Looks as if the flood the zone coverage of the gay marriage debate has subsided. (Can it be a debate when only one side is covered in the press? Remember, so long ago, when it was about civil unions?)

Whilst discussing the issue with family, batting it back and forth between the squirrels whom run on the wheel in my head, and just plain wishing it would go away, my wife and son were playing Rescue Heroes. Somehow the game evolved into the Rescue Heroes getting married. It began with Billy Blazes marrying Wendy Waters and Jack Hammer marrying Ariel Flyer.

What came next was Jake Justice marrying Bob Buoy. The first reaction my wife had, and I had when the story was related to me, is to say, “No, Matthew, boys don’t marry boys. They marry girls.” Instead, what we did is what we do with many of the utterances from his mouth that we find un-reinforcable. We chose to ignore it. (Never mind the sounds from other body parts.)

But it did open a line of thinking. If we do tell him that marriage is between a boy and a girl, does he repeat that in school only to be told otherwise by another authority figure, his teacher? Would a teacher tell him otherwise? Should a teacher tell him otherwise?

And this leads me to contemplate whether it is plausible that a teacher would be forced to do so. After all, if the courts of the land legislate, I mean, rule that same-sex marriages are equal to opposite sex ones, then what will stop the same sex marriage activists from using that ruling to determine the behavior and curriculum of the entity receiving government dollars (or in other words, our taxes)? After all, this is the strategy being pursued against the Boy Scouts of America by the gay activists after the courts ruled BSA could refuse to allow gay scoutmasters.

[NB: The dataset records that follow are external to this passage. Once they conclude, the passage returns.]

lemma exists_solution_supported_on:
  fixes A :: "'a :: field mat"
  assumes A: "A \<in> carrier_mat m N" and J: "J \<subseteq> {..<N}" "card J = m"
    and inv: "invertible_mat (submatrix A UNIV J)" and c: "c \<in> carrier_vec m"
  shows "\<exists>w \<in> carrier_vec N. A *\<^sub>v w = c \<and> (\<forall>i<N. i \<notin> J \<longrightarrow> w $ i = 0)"
proof -
  define B where "B = submatrix A UNIV J"
  have cols: "{j. j < N \<and> j \<in> J} = J" and rows: "{i. i < m \<and> i \<in> (UNIV::nat set)} = {..<m}"
    using J by auto
  have B: "B \<in> carrier_mat m m"
    using A J unfolding B_def by (auto simp: dim_submatrix cols rows)
  obtain Bi where BBi: "B * Bi = 1\<^sub>m m" and BiB: "Bi * B = 1\<^sub>m (dim_row Bi)"
    using inv B unfolding B_def[symmetric] invertible_mat_def inverts_mat_def by auto
  have "dim_col Bi = m"
    using arg_cong[OF BBi, of dim_col] by simp
  moreover have "dim_row Bi = m"
    using arg_cong[OF BiB, of dim_col] B by simp
  ultimately have Bi: "Bi \<in> carrier_mat m m" by auto
  define u where "u = Bi *\<^sub>v c"
  have u: "u \<in> carrier_vec m"
    using Bi c unfolding u_def by auto
  have Bu: "B *\<^sub>v u = c"
    unfolding u_def using assoc_mult_mat_vec[OF B Bi c, symmetric] BBi c by simp
  have pick_J: "l < m \<Longrightarrow> pick J l \<in> J" for l
    using pick_in_set[of l J] J by auto
  \<comment> \<open>column l of B is column pick J l of A\<close>
  define w where "w = vec N (\<lambda>i. \<Sum>l<m. if i = pick J l then u $ l else 0)"
  have w: "w \<in> carrier_vec N"
    unfolding w_def by auto
  have "A *\<^sub>v w = c"
  proof (rule eq_vecI)
    fix r assume "r < dim_vec c"
    then have r: "r < m" using c by auto
    have "(A *\<^sub>v w) $ r = (\<Sum>i<N. \<Sum>l<m. if i = pick J l then A $$ (r, i) * u $ l else 0)"
      unfolding mult_mat_vec_nth_sum[OF A w r] unfolding w_def
      by (auto simp: sum_distrib_left intro!: sum.cong)
    also have "\<dots> = (\<Sum>l<m. \<Sum>i<N. if i = pick J l then A $$ (r, i) * u $ l else 0)"
      by (rule sum.swap)
    also have "\<dots> = (\<Sum>l<m. B $$ (r, l) * u $ l)"
      using pick_J J r A unfolding B_def
      by (auto intro!: sum.cong simp: sum.delta' submatrix_index cols rows pick_UNIV) blast
    also have "\<dots> = c $ r"
      using Bu mult_mat_vec_nth_sum[OF B u r] by simp
    finally show "(A *\<^sub>v w) $ r = c $ r" .
  qed (use A c in auto)
  moreover have "\<forall>i<N. i \<notin> J \<longrightarrow> w $ i = 0"
    unfolding w_def using pick_J by (auto intro!: sum.neutral)
  ultimately show ?thesis
    using w by blast
qed

lemma exists_kernel_vector_supported_on:
  fixes A :: "'a :: field mat"
  assumes A: "A \<in> carrier_mat m N" and J: "J \<subseteq> {..<N}" "card J = m"
    and inv: "invertible_mat (submatrix A UNIV J)" and k: "k < N" "k \<notin> J"
  shows "\<exists>d \<in> carrier_vec N. A *\<^sub>v d = 0\<^sub>v m \<and> d $ k = 1 \<and> (\<forall>i<N. i \<notin> insert k J \<longrightarrow> d $ i = 0)"
proof -
  obtain w where w: "w \<in> carrier_vec N" "A *\<^sub>v w = col A k" and wJ: "\<forall>i<N. i \<notin> J \<longrightarrow> w $ i = 0"
    using exists_solution_supported_on[OF A J inv col_carrier_vec[OF k(1) A]] by blast
  have e: "unit_vec N k \<in> carrier_vec N"
    by simp
  have "A *\<^sub>v unit_vec N k = col A k"
  proof (rule eq_vecI)
    fix r assume "r < dim_vec (col A k)"
    then show "(A *\<^sub>v unit_vec N k) $ r = col A k $ r"
      using A k by (simp add: index_mult_mat_vec)
  qed (use A in simp)
  then have "A *\<^sub>v (unit_vec N k - w) = 0\<^sub>v m"
    using A e w col_carrier_vec[OF k(1) A] by (simp add: mult_minus_distrib_mat_vec)
  moreover have "(unit_vec N k - w) $ k = 1" "\<forall>i<N. i \<notin> insert k J \<longrightarrow> (unit_vec N k - w) $ i = 0"
    using w wJ k by simp_all
  ultimately show ?thesis
    using e w by (intro bexI[of _ "unit_vec N k - w"]) auto
qed

lemma eventually_sum_abs_powr_decreases:
  assumes x: "x \<in> carrier_vec N" and d: "d \<in> carrier_vec N"
    and k: "k < N" "x $ k \<noteq> 0" "d $ k = 1"
    and outside: "\<forall>i<N. i \<noteq> k \<and> d $ i \<noteq> 0 \<longrightarrow> x $ i = 0" and q: "q > 1"
  shows "eventually (\<lambda>s. sum_abs_powr q (x - (s * sgn (x $ k)) \<cdot>\<^sub>v d) < sum_abs_powr q x) (at_right 0)"
proof -
  define a where "a = \<bar>x $ k\<bar>"
  define D where "D = (\<Sum>i\<in>{..<N} - {k}. \<bar>d $ i\<bar> powr q)"
  have a: "a > 0"
    using k unfolding a_def by simp
  have "eventually (\<lambda>s. (a - s) powr q + D * s powr q < a powr q) (at_right 0)"
    using q a unfolding D_def by (intro eventually_powr_diff_add_powr_less) (auto intro: sum_nonneg)
  moreover have "eventually (\<lambda>s. s < a) (at_right 0)"
    using a eventually_at_right_field by blast
  ultimately show ?thesis
    using eventually_at_right_less[of 0]
  proof eventually_elim
    case (elim s)
    define z where "z = x - (s * sgn (x $ k)) \<cdot>\<^sub>v d"
    have z_nth: "z $ i = x $ i - s * sgn (x $ k) * d $ i" if "i < N" for i
      unfolding z_def using that x d by simp
    have split_k: "sum_abs_powr q v = \<bar>v $ k\<bar> powr q + (\<Sum>i\<in>{..<N} - {k}. \<bar>v $ i\<bar> powr q)"
      if "v \<in> carrier_vec N" for v
      using that k(1) unfolding sum_abs_powr_def by (simp add: sum.remove[of "{..<N}" k])
    have "\<bar>z $ k\<bar> = a - s"
      using z_nth[OF k(1)] k elim unfolding a_def by (cases "x $ k > 0") auto
    moreover have "\<bar>z $ i\<bar> powr q = \<bar>x $ i\<bar> powr q + s powr q * \<bar>d $ i\<bar> powr q"
      if "i \<in> {..<N} - {k}" for i
      using outside that elim q z_nth[of i] k
      by (cases "d $ i = 0") (auto simp: abs_mult powr_mult)
    ultimately have "sum_abs_powr q z
        = (a - s) powr q + (\<Sum>i\<in>{..<N} - {k}. \<bar>x $ i\<bar> powr q + s powr q * \<bar>d $ i\<bar> powr q)"
      using split_k[of z] x d unfolding z_def by simp
    also have "\<dots> = (a - s) powr q + (\<Sum>i\<in>{..<N} - {k}. \<bar>x $ i\<bar> powr q) + D * s powr q"
      unfolding D_def by (simp add: sum.distrib sum_distrib_left mult.commute)
    also have "\<dots> = sum_abs_powr q x + ((a - s) powr q - a powr q + D * s powr q)"
      using split_k[OF x] unfolding a_def by simp
    finally have "sum_abs_powr q z = sum_abs_powr q x + ((a - s) powr q - a powr q + D * s powr q)" .
    with elim show ?case
      unfolding z_def by simp
  qed
qed

lemma smult_zero_vec: "c \<cdot>\<^sub>v 0\<^sub>v n = (0\<^sub>v n :: 'a :: mult_zero vec)"
  by (rule eq_vecI) auto

lemma mult_mat_vec_zero: "A \<in> carrier_mat m n \<Longrightarrow> A *\<^sub>v 0\<^sub>v n = 0\<^sub>v m"
  by (intro eq_vecI) (simp_all add: index_mult_mat_vec)

lemma norm2_zero_minus: "y \<in> carrier_vec m \<Longrightarrow> norm2 (0\<^sub>v m - y) = norm2 y"
  unfolding norm2_def by (auto intro!: sum.cong)

lemma sum_abs_powr_smult: "q > 0 \<Longrightarrow> sum_abs_powr q (c \<cdot>\<^sub>v v) = \<bar>c\<bar> powr q * sum_abs_powr q v"
  unfolding sum_abs_powr_def by (simp add: sum_distrib_left abs_mult powr_mult)

context
  fixes A :: "real mat" and m N :: nat
  assumes A: "A \<in> carrier_mat m N"
    and invertible: "all_square_submatrices_invertible A"
begin

lemma exists_fibre_point_with_smaller_sums:
  assumes x: "x \<in> carrier_vec N" "x \<noteq> 0\<^sub>v N" and sparse: "card (supp x) \<le> N - m"
    and q: "q1 > 1" "q2 > 1"
  shows "\<exists>z \<in> carrier_vec N. A *\<^sub>v z = A *\<^sub>v x
    \<and> sum_abs_powr q1 z < sum_abs_powr q1 x \<and> sum_abs_powr q2 z < sum_abs_powr q2 x"
proof -
  obtain k where k: "k < N" "x $ k \<noteq> 0"
    using x by (auto simp: vec_eq_iff)
  define Z where "Z = {i. i < N \<and> x $ i = 0}"
  have "supp x \<union> Z = {..<N}" "supp x \<inter> Z = {}"
    using x unfolding Z_def supp_def by auto
  then have "card (supp x) + card Z = N"
    by (metis card_Un_disjoint card_lessThan finite_Un finite_lessThan)
  moreover have "k \<in> supp x"
    using k x unfolding supp_def by simp
  then have "card (supp x) > 0"
    unfolding supp_def card_gt_0_iff by auto
  ultimately have "m \<le> card Z"
    using sparse by linarith
  then obtain J where J: "J \<subseteq> Z" "card J = m"
    by (rule obtain_subset_with_card_n)
  have JN: "J \<subseteq> {..<N}" and kJ: "k \<notin> J"
    using J k unfolding Z_def by auto
  then have "invertible_mat (submatrix A UNIV J)"
    using invertible J A unfolding all_square_submatrices_invertible_def by auto
  then obtain d where d: "d \<in> carrier_vec N" "A *\<^sub>v d = 0\<^sub>v m" "d $ k = 1"
    and d_supp: "\<forall>i<N. i \<notin> insert k J \<longrightarrow> d $ i = 0"
    using exists_kernel_vector_supported_on[OF A JN J(2) _ k(1) kJ] by blast
  have outside: "\<forall>i<N. i \<noteq> k \<and> d $ i \<noteq> 0 \<longrightarrow> x $ i = 0"
    using d_supp J unfolding Z_def by auto
  have "eventually (\<lambda>s. sum_abs_powr q1 (x - (s * sgn (x $ k)) \<cdot>\<^sub>v d) < sum_abs_powr q1 x
      \<and> sum_abs_powr q2 (x - (s * sgn (x $ k)) \<cdot>\<^sub>v d) < sum_abs_powr q2 x) (at_right 0)"
    using eventually_sum_abs_powr_decreases[OF x(1) d(1) k d(3) outside] q by (intro eventually_conj)
  then obtain s where "sum_abs_powr q1 (x - (s * sgn (x $ k)) \<cdot>\<^sub>v d) < sum_abs_powr q1 x"
    "sum_abs_powr q2 (x - (s * sgn (x $ k)) \<cdot>\<^sub>v d) < sum_abs_powr q2 x"
    using eventually_happens'[OF trivial_limit_at_right_real] by blast
  moreover have "A *\<^sub>v (x - (s * sgn (x $ k)) \<cdot>\<^sub>v d) = A *\<^sub>v x"
    using A x d by (simp add: mult_minus_distrib_mat_vec mult_mat_vec smult_zero_vec)
  ultimately show ?thesis
    using x d by (intro bexI[of _ "x - (s * sgn (x $ k)) \<cdot>\<^sub>v d"]) auto
qed

lemma card_supp_ge_of_fibre_minimizer:
  fixes f :: "real vec \<Rightarrow> real"
  assumes x: "x \<in> carrier_vec N" "x \<noteq> 0\<^sub>v N" and p: "p > 1"
    and minimal: "\<forall>z \<in> carrier_vec N. A *\<^sub>v z = A *\<^sub>v x \<longrightarrow> f x \<le> f z"
    and strict: "\<forall>z \<in> carrier_vec N. A *\<^sub>v z = A *\<^sub>v x \<longrightarrow> sum_abs_powr p z < sum_abs_powr p x
      \<longrightarrow> sum_abs_powr 2 z < sum_abs_powr 2 x \<longrightarrow> f z < f x"
  shows "N - m + 1 \<le> card (supp x)"
proof (rule ccontr)
  assume "\<not> N - m + 1 \<le> card (supp x)"
  then obtain z where z: "z \<in> carrier_vec N" "A *\<^sub>v z = A *\<^sub>v x"
    and smaller: "sum_abs_powr p z < sum_abs_powr p x" "sum_abs_powr 2 z < sum_abs_powr 2 x"
    using exists_fibre_point_with_smaller_sums[OF x, of p 2] p by auto
  have "f x \<le> f z"
    using minimal z by blast
  moreover have "f z < f x"
    using strict z smaller by blast
  ultimately show False
    by simp
qed

lemma exists_preimage:
  assumes "m \<le> N" and c: "c \<in> carrier_vec m"
  shows "\<exists>w \<in> carrier_vec N. A *\<^sub>v w = c"
proof -
  have J: "{..<m} \<subseteq> {..<N}" "card {..<m} = m"
    using \<open>m \<le> N\<close> by auto
  moreover have "dim_col A = N" "dim_row A = m"
    using A by auto
  ultimately have "invertible_mat (submatrix A UNIV {..<m})"
    using invertible unfolding all_square_submatrices_invertible_def by blast
  from exists_solution_supported_on[OF A J this c] show ?thesis
    by blast
qed

lemma penalized_objective_below_zero:
  assumes "m \<le> N" and y: "y \<in> carrier_vec m" "y \<noteq> 0\<^sub>v m" and p: "p > 1" and lam: "lam > 0"
  shows "\<exists>z \<in> carrier_vec N. (1/2) * (norm2 (A *\<^sub>v z - y))\<^sup>2 + lam * pnorm p z powr p
    < (1/2) * (norm2 (A *\<^sub>v 0\<^sub>v N - y))\<^sup>2 + lam * pnorm p (0\<^sub>v N) powr p"
proof -
  obtain w where w: "w \<in> carrier_vec N" "A *\<^sub>v w = y"
    using exists_preimage[OF assms(1) y(1)] by blast
  define Y where "Y = sum_abs_powr 2 y"
  define W where "W = sum_abs_powr p w"
  have residual: "A *\<^sub>v (t \<cdot>\<^sub>v w) - y = (t - 1) \<cdot>\<^sub>v y" for t
  proof -
    have "A *\<^sub>v (t \<cdot>\<^sub>v w) = t \<cdot>\<^sub>v y"
      using A w by (simp add: mult_mat_vec)
    then show ?thesis
      using y by (intro eq_vecI) (simp_all add: algebra_simps)
  qed
  have objective: "(1/2) * (norm2 (A *\<^sub>v (t \<cdot>\<^sub>v w) - y))\<^sup>2 + lam * pnorm p (t \<cdot>\<^sub>v w) powr p
      = (1/2) * \<bar>t - 1\<bar> powr 2 * Y + lam * \<bar>t\<bar> powr p * W" for t
  proof -
    have "(norm2 (A *\<^sub>v (t \<cdot>\<^sub>v w) - y))\<^sup>2 = \<bar>t - 1\<bar> powr 2 * Y"
      unfolding residual norm2_power2 Y_def by (rule sum_abs_powr_smult) simp
    moreover have "pnorm p (t \<cdot>\<^sub>v w) powr p = \<bar>t\<bar> powr p * W"
      using p unfolding W_def by (simp add: pnorm_powr_self sum_abs_powr_smult)
    ultimately show ?thesis
      by simp
  qed
  obtain i where "i < m" "y $ i \<noteq> 0"
    using y by (auto simp: vec_eq_iff)
  then have Y: "Y > 0"
    using y unfolding Y_def sum_abs_powr_def by (intro sum_pos2[of _ i]) auto
  have "eventually (\<lambda>t. (1 - t) powr 2 + (2 * lam * W / Y) * t powr p < 1 powr 2) (at_right 0)"
    using p lam Y sum_abs_powr_nonneg[of p w] unfolding W_def
    by (intro eventually_powr_diff_add_powr_less) simp_all
  moreover have "eventually (\<lambda>t. t < 1) (at_right (0::real))"
    unfolding eventually_at_right_field by (intro exI[of _ 1]) simp
  ultimately have "eventually (\<lambda>t. 0 < t \<and> t < 1 \<and> (1 - t) powr 2 + (2 * lam * W / Y) * t powr p < 1)
      (at_right 0)"
    using eventually_at_right_less[of 0] by eventually_elim simp
  then obtain t where t: "0 < t" "t < 1" "(1 - t) powr 2 + (2 * lam * W / Y) * t powr p < 1"
    using eventually_happens'[OF trivial_limit_at_right_real] by blast
  then have "(1/2) * \<bar>t - 1\<bar> powr 2 * Y + lam * \<bar>t\<bar> powr p * W
      < (1/2) * \<bar>0 - 1\<bar> powr 2 * Y + lam * \<bar>0\<bar> powr p * W"
    using mult_strict_left_mono[OF t(3), of "Y / 2"] Y by (simp add: field_simps abs_minus_commute)
  moreover have "0 \<cdot>\<^sub>v w = 0\<^sub>v N"
    using w(1) by (intro eq_vecI) simp_all
  ultimately show ?thesis
    using objective[of t] objective[of 0] w(1) by (intro bexI[of _ "t \<cdot>\<^sub>v w"]) simp_all
qed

And if my son attends a school that receives tax dollars, wouldn’t the teacher have to enforce the equality of the marriages as a result of the court ruling(s) and tell him that boys can marry boys?

Which brings me back to telling my son that marriage is between a boy and a girl (or a mommy and daddy). For simplicity sake and for sheer numbers sake (the percent of married couples who are of opposite sexes greatly out numbers those of the same sex), it is what I will tell him.

My worry is for my child to be told otherwise by different figures in authority (agents of the State?) and to be singled out for expressing this view. But what do I do, allow the same-sex activists and their subsequent proponents in the courtroom to stifle my parenting?

Or maybe, I’ll just treat the whole episode as one of child’s play.